Tamar le dirigió una mirada iracunda y, entonces, brotaron a chorro las palabras.

– Yo fui educada para ser esposa de un noble cristiano. Para amarlo. Para ayudarlo en todo. Para darle hijos. Para ser su única castellana. En vez de esto, me han enviado al harén de un infiel. Muy bien, me dije, si es ésta la voluntad de Dios la aceptaré dócilmente, como una buena hija cristiana. Pero lo que no puedo aceptar es que, en mi noche de bodas, en el momento culminante de nuestra pasión, ¡Murat gritase tu nombre! ¡Y no sólo una vez! Esto no lo perdonaré nunca a ninguno de los dos. ¡Nunca!

¡Oh, Dios mío!, pensó Adora, con el corazón en un puño. ¡Qué innecesariamente había sido herida Tamar! Y por lo visto, Murat estaba todavía preocupado por su virginidad. El hecho de que la hubiese perdido con otro aún le dolía. Alargo una mano y tocó el brazo de la niña. Tamar, con los ojos húmedos, la miró furiosamente.

– Sé que no servirá de nada -dijo suavemente Adora-, pero lamento mucho que hayas sufrido por mi causa. Pero debes perdonar a Murat, Tamar. Parece que lo persigue el fantasma de algo que no se puede cambiar; pero es un buen hombre y sentiría mucho haberte ofendido.

– Tienes razón -dijo amargamente Tamar-, tus palabras no me ayudan. Puedo comprender que él te ame. Eres hermosa y estás segura de ti misma. Pero ¿por qué no puede amarme también un poco? -gimió-. ¡También llevo un hijo suyo en mi seno!

– Tal vez lo haría si dejases de gruñir a todo el mundo. Dale tiempo, Tamar. Yo conozco a mi señor Murat desde que era más joven que tú. Fui la última y más joven esposa de su padre. Salí de Bizancio siendo todavía una niña. Me habían casado por poderes con el sultán Orján en Constantinopla. Igual que tú, no tuve que renunciar a mi religión. Y hasta que fui lo bastante mayor y el sultán me llevó a su cama, viví en el convento de Santa Catalina, en Bursa. El hermano menor de Murat, el príncipe Halil, es hijo mío. Cuando murió el sultán Orján, me casé con el señor de Mesembria y, cuando éste murió, el sultán Murat me brindó su favor.

– Habiendo sido una esposa, ¿te convertiste en una concubina? -preguntó Tamar, incrédula.

– Sí.

– Pero ¿por qué? Seguramente, si el emperador Juan hubiese insistido, el sultán Murat se habría casado contigo. Adora rió tranquilamente.
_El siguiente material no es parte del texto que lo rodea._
(* Let $r\ge0$ be an integer, let $a,b,c,z,A_1,\dots,A_{r+1},B_1,\dots,B_r$ and $q$ be complex numbers with $|q|<1$ and $|cz|<1$ (generic, so that all denominators are nonzero and all series converge). Then $$\frac{(azq;q)_\infty}{(bz;q)_\infty}\,{}_{r+1}\phi_r\Big[\genfrac{}{}{0pt}{}{A_1,\ldots,A_{r+1}}{B_1,\ldots,B_{r}};q,cz\Big] =\lim_{x,y\to\infty}\sum_{n=0}^{\infty}\frac{(az,(az)^{1/2}q,-(az)^{1/2}q,aq/b,x,y;q)_n}{(q,(az)^{1/2},-(az)^{1/2},bz,azq/x,azq/y;q)_n}\Big(\frac{bz}{xy}\Big)^n \,{}_{r+3}\phi_{r+2}\Big[\genfrac{}{}{0pt}{}{azq^n,azq^{2n+1},A_1,\ldots,A_{r+1}}{bzq^n,azq^{2n},B_1,\ldots,B_{r}};q,czq^n\Big].$$
   Context: $(x;q)_\infty=\prod_{j\ge0}(1-xq^j)$, $(x;q)_n=\prod_{j=0}^{n-1}(1-xq^j)$, and $(x_1,\dots,x_m;q)_n=\prod_{i=1}^m(x_i;q)_n$. The basic hypergeometric series is ${}_{s+1}\phi_s\big[\genfrac{}{}{0pt}{}{a_1,\ldots,a_{s+1}}{b_1,\ldots,b_{s}};q,w\big]=\sum_{n\ge0}\frac{(a_1,\ldots,a_{s+1};q)_n}{(q,b_1,\ldots,b_s;q)_n}w^n$. *)

theory Defs
  imports "HOL-Analysis.Analysis"
begin

definition qpoch :: "complex \<Rightarrow> complex \<Rightarrow> nat \<Rightarrow> complex" where
  "qpoch x q n = (\<Prod>j<n. 1 - x * q ^ j)"

definition qpoch_inf :: "complex \<Rightarrow> complex \<Rightarrow> complex" where
  "qpoch_inf x q = (\<Prod>j. 1 - x * q ^ j)"

definition qphi :: "complex list \<Rightarrow> complex list \<Rightarrow> complex \<Rightarrow> complex \<Rightarrow> complex" where
  "qphi as bs q w =
     (\<Sum>n. (\<Prod>a\<leftarrow>as. qpoch a q n) / (qpoch q q n * (\<Prod>b\<leftarrow>bs. qpoch b q n)) * w ^ n)"

end

theory Submission
  imports Defs
begin

(*
  Write u = az, v = bz, p = aq/b and w = cz, so that p v = u q. For fixed n the factor
  (x;q)_n / ((uq/x;q)_n x^n) of the n-th summand tends to (-1)^n q^(n choose 2) as x tends to
  infinity, and for large x, y the summands are dominated by a summable sequence, so by Tannery's
  theorem the limit can be taken termwise. Expanding the inner r+3phi(r+2) and interchanging the
  two absolutely convergent summations, the k-th term of the r+1phi(r) gets the factor
  Sum_n T(k, n) / (1 - u), where T(k, n) is (u;q)_k/(v;q)_k times the n-th term of a limiting case
  of Rogers' well-poised 6phi5 sum with u, v replaced by u q^k, v q^k. Since p v = u q,
  T(k, n) - T(k+1, n) telescopes in n; hence Sum_n T(k, n) does not depend on k, and letting k
  tend to infinity (Tannery again) only T(k, 0), with limit (1 - u)(uq;q)_inf/(v;q)_inf, survives.
*)

section \<open>q-Pochhammer symbols\<close>

lemma qpoch_0 [simp]: "qpoch t q 0 = 1"
  by (simp add: qpoch_def)

lemma qpoch_0_left [simp]: "qpoch 0 q n = 1"
  by (simp add: qpoch_def)

lemma qpoch_Suc: "qpoch t q (Suc n) = qpoch t q n * (1 - t * q ^ n)"
  by (simp add: qpoch_def)

lemma qpoch_Suc_shift: "qpoch t q (Suc n) = (1 - t) * qpoch (t * q) q n"
  unfolding qpoch_def by (subst prod.lessThan_Suc_shift) (simp add: mult.assoc)

lemma qpoch_shift: "(1 - t) * qpoch (t * q) q n = qpoch t q n * (1 - t * q ^ n)"
  by (metis qpoch_Suc qpoch_Suc_shift)

lemma qpoch_add: "qpoch t q (m + k) = qpoch t q m * qpoch (t * q ^ m) q k"
  by (induction k) (simp_all add: qpoch_Suc power_add mult.assoc)

lemma qpoch_nonzero:
  assumes "\<And>j. t * q ^ j \<noteq> 1"
  shows "qpoch t q n \<noteq> 0"
  using assms by (simp add: qpoch_def)

lemma qpoch_shifted_nonzero:
  assumes "\<And>j. t * q ^ j \<noteq> 1"
  shows "qpoch (t * q ^ m) q n \<noteq> 0"
  by (rule qpoch_nonzero) (simp add: assms mult.assoc flip: power_add)

lemma norm_mult_power_less_one:
  fixes q :: complex
  assumes "norm q < 1"
  shows "norm (q * q ^ j) < 1"
proof -
  have "norm (q * q ^ j) \<le> norm q"
    using assms by (simp add: norm_mult norm_power mult_left_le power_le_one)
  then show ?thesis
    using assms by simp
qed

lemma mult_power_neq_one:
  fixes q :: complex
  assumes "norm q < 1"
  shows "q * q ^ j \<noteq> 1"
  using norm_mult_power_less_one[OF assms, of j] by auto

lemma qpoch_plus_minus_sqrt:
  assumes s: "s ^ 2 = t" and t: "\<And>j. t * q ^ j \<noteq> 1"
  shows "qpoch (s * q) q n * qpoch (- s * q) q n / (qpoch s q n * qpoch (- s) q n)
         = (1 - t * q ^ (2 * n)) / (1 - t)"
proof -
  have pm: "(1 - s * x) * (1 + s * x) = 1 - t * x ^ 2" for x
    using s by (simp add: algebra_simps power2_eq_square)
  have "qpoch s q n * qpoch (- s) q n = (\<Prod>j<n. 1 - t * (q ^ j) ^ 2)"
    by (simp add: qpoch_def pm flip: prod.distrib)
  also have "\<dots> \<noteq> 0"
    using t by (simp add: flip: power_mult)
  finally have den: "qpoch s q n * qpoch (- s) q n \<noteq> 0" .
  have "(1 - t) * (qpoch (s * q) q n * qpoch (- s * q) q n)
        = ((1 - s) * qpoch (s * q) q n) * ((1 - (- s)) * qpoch (- s * q) q n)"
    using pm[of 1] by (simp add: ac_simps)
  also have "\<dots> = qpoch s q n * qpoch (- s) q n * (1 - t * (q ^ n) ^ 2)"
    unfolding qpoch_shift by (simp add: ac_simps flip: pm)
  finally show ?thesis
    using den t[of 0] by (simp add: field_simps flip: power_mult)
qed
– No, Tamar, no lo habría hecho. No tenía por qué hacerlo, ¿sabes? Al principio, los otomanos se casaban legalmente con nobles cristianas para obtener ventajas políticas. Pero, ahora, el otomano es más poderoso que los cristianos que lo rodean y, aunque puede llevarse a sus hijas a la cama como un soborno, no siente la necesidad de casarse formalmente con ellas.

»Mi cuñado, el emperador Juan, es mucho más vasallo de Murat que tu padre, el zar Iván. Tamar pareció desconcertada.
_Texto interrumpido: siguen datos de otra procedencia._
(* There is an absolute constant $c>0$ such that the following holds. For every $\varepsilon>0$ there is $n_0=n_0(\varepsilon)$ such that for every $n\ge n_0$ and every $d$-regular $n$-vertex graph $F$ with $d\le(1-\varepsilon)n$, every 2-coloring $f:E(K_n)\to\{\pm1\}$ admits a copy of $F$ in $K_n$ with discrepancy at least $c\sqrt{\varepsilon d}\,n$.
   Context: For a coloring $f:E(K_n)\to\{\pm1\}$ and a subgraph $F_0\subseteq K_n$, the discrepancy of $F_0$ is $\left|\sum_{e\in E(F_0)}f(e)\right|$. A copy of $F$ in $K_n$ is a subgraph of $K_n$ isomorphic to $F$. *)

theory Defs
  imports Complex_Main
begin

definition Kn_edges :: "nat \<Rightarrow> nat set set" where
  "Kn_edges n = {e. e \<subseteq> {..<n} \<and> card e = 2}"

definition graph_on :: "nat \<Rightarrow> nat set set \<Rightarrow> bool" where
  "graph_on n F \<longleftrightarrow> F \<subseteq> Kn_edges n"

definition degree :: "nat set set \<Rightarrow> nat \<Rightarrow> nat" where
  "degree F v = card {e \<in> F. v \<in> e}"

definition regular :: "nat \<Rightarrow> nat set set \<Rightarrow> nat \<Rightarrow> bool" where
  "regular n F d \<longleftrightarrow> (\<forall>v<n. degree F v = d)"

text \<open>Copies of an n-vertex graph F in K_n: subgraphs H of K_n isomorphic to F.
  Since F spans all n vertices, these are exactly the images of F under
  permutations of the vertex set.\<close>
definition is_copy :: "nat \<Rightarrow> nat set set \<Rightarrow> nat set set \<Rightarrow> bool" where
  "is_copy n F H \<longleftrightarrow> (\<exists>\<sigma>. bij_betw \<sigma> {..<n} {..<n} \<and> H = (\<lambda>e. \<sigma> ` e) ` F)"

definition discrepancy :: "(nat set \<Rightarrow> int) \<Rightarrow> nat set set \<Rightarrow> int" where
  "discrepancy f H = \<bar>\<Sum>e\<in>H. f e\<bar>"

end

theory Submission
  imports Defs "HOL-Combinatorics.Permutations"
begin

(* If the colouring f is far from balanced, a uniformly random copy of F already has
   discrepancy of order d n.  Otherwise f has order n^4 alternating 4-tuples (a, b, c, e),
   i.e. f{a,c} - f{b,c} - f{a,e} + f{b,e} \<noteq> 0, and a d-regular F with d \<le> (1 - \<epsilon>) n has
   order n^2 d (n - d) of them.  Split n/2 vertices into pairs and n/2 into couples.
   Swapping the vertices of some pairs changes the colour sum of a copy by a quadratic
   function of the swap pattern whose linear part is attained up to sign, and the size of
   that linear part, averaged over swaps of the couples, is bounded below by a fourth-moment
   (Khintchine) inequality in terms of the alternating 4-tuples meeting a pair and a couple.
   Averaging over random relabellings of f and F then gives the bound c sqrt(\<epsilon> d) n. *)

section \<open>Permutations acting on distinct lists\<close>

definition distinct_lists :: "nat \<Rightarrow> 'a set \<Rightarrow> 'a list set" where
  "distinct_lists k U = {xs. length xs = k \<and> distinct xs \<and> set xs \<subseteq> U}"

lemma finite_distinct_lists: "finite U \<Longrightarrow> finite (distinct_lists k U)"
  unfolding distinct_lists_def
  by (rule finite_subset[OF _ finite_lists_length_eq[of U k]]) auto

lemma distinct_lists_0: "distinct_lists 0 U = {[]}"
  by (auto simp: distinct_lists_def)

lemma distinct_lists_Suc:
  "distinct_lists (Suc k) U = (\<lambda>(a, ys). a # ys) ` (SIGMA a:U. distinct_lists k (U - {a}))"
  unfolding distinct_lists_def by (auto simp: length_Suc_conv image_iff)

lemma sum_distinct_lists_Suc:
  fixes G :: "'a list \<Rightarrow> real"
  assumes "finite U"
  shows "(\<Sum>ys\<in>distinct_lists (Suc k) U. G ys) = (\<Sum>a\<in>U. \<Sum>ys\<in>distinct_lists k (U - {a}). G (a # ys))"
proof -
  have inj: "inj_on (\<lambda>(a, ys). a # ys) (SIGMA a:U. distinct_lists k (U - {a}))"
    by (auto simp: inj_on_def)
  have "(\<Sum>ys\<in>distinct_lists (Suc k) U. G ys) = (\<Sum>(a, ys)\<in>(SIGMA a:U. distinct_lists k (U - {a})). G (a # ys))"
    unfolding distinct_lists_Suc sum.reindex[OF inj] by (simp add: case_prod_beta)
  also have "\<dots> = (\<Sum>a\<in>U. \<Sum>ys\<in>distinct_lists k (U - {a}). G (a # ys))"
    by (rule sum.Sigma[symmetric]) (use assms in \<open>auto simp: finite_distinct_lists\<close>)
  finally show ?thesis .
qed

lemma sum_distinct_lists_2:
  fixes G :: "'a list \<Rightarrow> real"
  assumes "finite U"
  shows "(\<Sum>ys\<in>distinct_lists 2 U. G ys) = (\<Sum>a\<in>U. \<Sum>b\<in>U-{a}. G [a, b])"
  using assms by (simp add: numeral_eq_Suc sum_distinct_lists_Suc distinct_lists_0)

lemma sum_distinct_lists_4:
  fixes G :: "'a list \<Rightarrow> real"
  assumes "finite U"
  shows "(\<Sum>ys\<in>distinct_lists 4 U. G ys)
       = (\<Sum>a\<in>U. \<Sum>b\<in>U-{a}. \<Sum>c\<in>U-{a}-{b}. \<Sum>e\<in>U-{a}-{b}-{c}. G [a, b, c, e])"
  using assms by (simp add: numeral_eq_Suc sum_distinct_lists_Suc distinct_lists_0)

lemma exists_permutes_map_eq:
  assumes "finite U"
  shows "distinct xs \<Longrightarrow> distinct ys \<Longrightarrow> length xs = length ys \<Longrightarrow> set xs \<subseteq> U \<Longrightarrow> set ys \<subseteq> U
    \<Longrightarrow> \<exists>\<tau>. \<tau> permutes U \<and> map \<tau> xs = ys"
proof (induction xs arbitrary: ys)
  case Nil
  then show ?case using permutes_id by fastforce
next
  case (Cons x xs)
  then obtain y ys' where ys: "ys = y # ys'" by (cases ys) auto
  from Cons.prems ys obtain \<tau>' where \<tau>': "\<tau>' permutes U" "map \<tau>' xs = ys'"
    using Cons.IH[of ys'] by auto
  define \<tau> where "\<tau> = transpose (\<tau>' x) y \<circ> \<tau>'"
  have xy: "x \<in> U" "y \<in> U" using Cons.prems ys by auto
  then have "\<tau>' x \<in> U" using \<tau>'(1) by (simp add: permutes_in_image)
  then have \<tau>: "\<tau> permutes U" unfolding \<tau>_def
    by (intro permutes_compose \<tau>'(1) permutes_swap_id) (use xy in auto)
  have "\<tau> z = \<tau>' z" if "z \<in> set xs" for z
  proof -
    have "\<tau>' z \<noteq> y" using \<tau>'(2) that Cons.prems ys by auto
    moreover have "\<tau>' z \<noteq> \<tau>' x" using that Cons.prems permutes_inj[OF \<tau>'(1)]
      by (auto dest: injD)
    ultimately show ?thesis unfolding \<tau>_def by (simp add: transpose_def)
  qed
  then have "map \<tau> xs = ys'" using \<tau>'(2) by (metis map_cong)
  moreover have "\<tau> x = y" unfolding \<tau>_def by simp
  ultimately show ?case using \<tau> ys by (intro exI[of _ \<tau>]) auto
qed
definition ssum :: "'v::ab_group_add set \<Rightarrow> 'v set \<Rightarrow> 'v set" where
  "ssum U W = {u + w | u w. u \<in> U \<and> w \<in> W}"

definition kder :: "('f::field \<Rightarrow> 'k::ab_group_add \<Rightarrow> 'k) \<Rightarrow> ('k \<Rightarrow> 'k \<Rightarrow> 'k) \<Rightarrow> 'k set" where
  "kder sk br = module.span sk {br x y | x y. True}"

definition kS2 :: "('f::field \<Rightarrow> 'k::ab_group_add \<Rightarrow> 'k) \<Rightarrow> ('k \<Rightarrow> 'k \<Rightarrow> 'k) \<Rightarrow> ('k, 'k, 'f) tens set" where
  "kS2 sk br = fspan {vee2 sk (br z x) y + vee2 sk x (br z y) | x y z. True}"

definition kveek' :: "('f::field \<Rightarrow> 'k::ab_group_add \<Rightarrow> 'k) \<Rightarrow> ('k \<Rightarrow> 'k \<Rightarrow> 'k) \<Rightarrow> ('k, 'k, 'f) tens set" where
  "kveek' sk br = fspan {vee2 sk x y | x y. y \<in> kder sk br}"

definition kwedgek' :: "('f::field \<Rightarrow> 'k::ab_group_add \<Rightarrow> 'k) \<Rightarrow> ('k \<Rightarrow> 'k \<Rightarrow> 'k) \<Rightarrow> ('k, 'k, 'f) tens set" where
  "kwedgek' sk br = fspan {wedge2 sk x y | x y. y \<in> kder sk br}"

definition TA :: "('f::field \<Rightarrow> 'a::comm_ring_1 \<Rightarrow> 'a) \<Rightarrow> ('a, 'a, 'f) tens set" where
  "TA sa = fspan {wedge2 sa (a * b) c + wedge2 sa (b * c) a + wedge2 sa (c * a) b | a b c. True}"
– ¿Cómo soportas esta situación? -preguntó.

– En primer lugar -respondió Adora-, amo a mi señor

Murat. En segundo lugar, practico diariamente mi fe, lo cual me da fuerza. Acepto el hecho de que no soy más que una mujer y de que son los hombres quienes gobiernan el mundo No creo que Dios nos haga responsables de la situación en que nos han colocado nuestras familias. Al obedecerlas, nos comportamos como buenas hijas cristianas. Si lo que ellos han hecho está mal, son ellos quienes deberán sufrir, no nosotras.

– Pero ¿debemos gozar en nuestra situación, Adora?

– No veo por qué no hemos de hacerlo, Tamar. Después de todo, si no nos mostramos complacientes y amantes disgustaremos al sultán, que es un hombre muy intuitivo. Esto lo indispondría con nuestras familias, que nos enviaron aquí para complacerlo. Tenemos el deber de disfrutar de nuestra vida en la casa de nuestro señor Murat.

Si el sultán hubiese oído la conversación de Adora con Tamar se habría reído al principio y después la habría acusado de ser una griega tortuosa. Si había algo que Adora no aceptaba, era la creencia de que las mujeres fuesen inferiores a los hombres.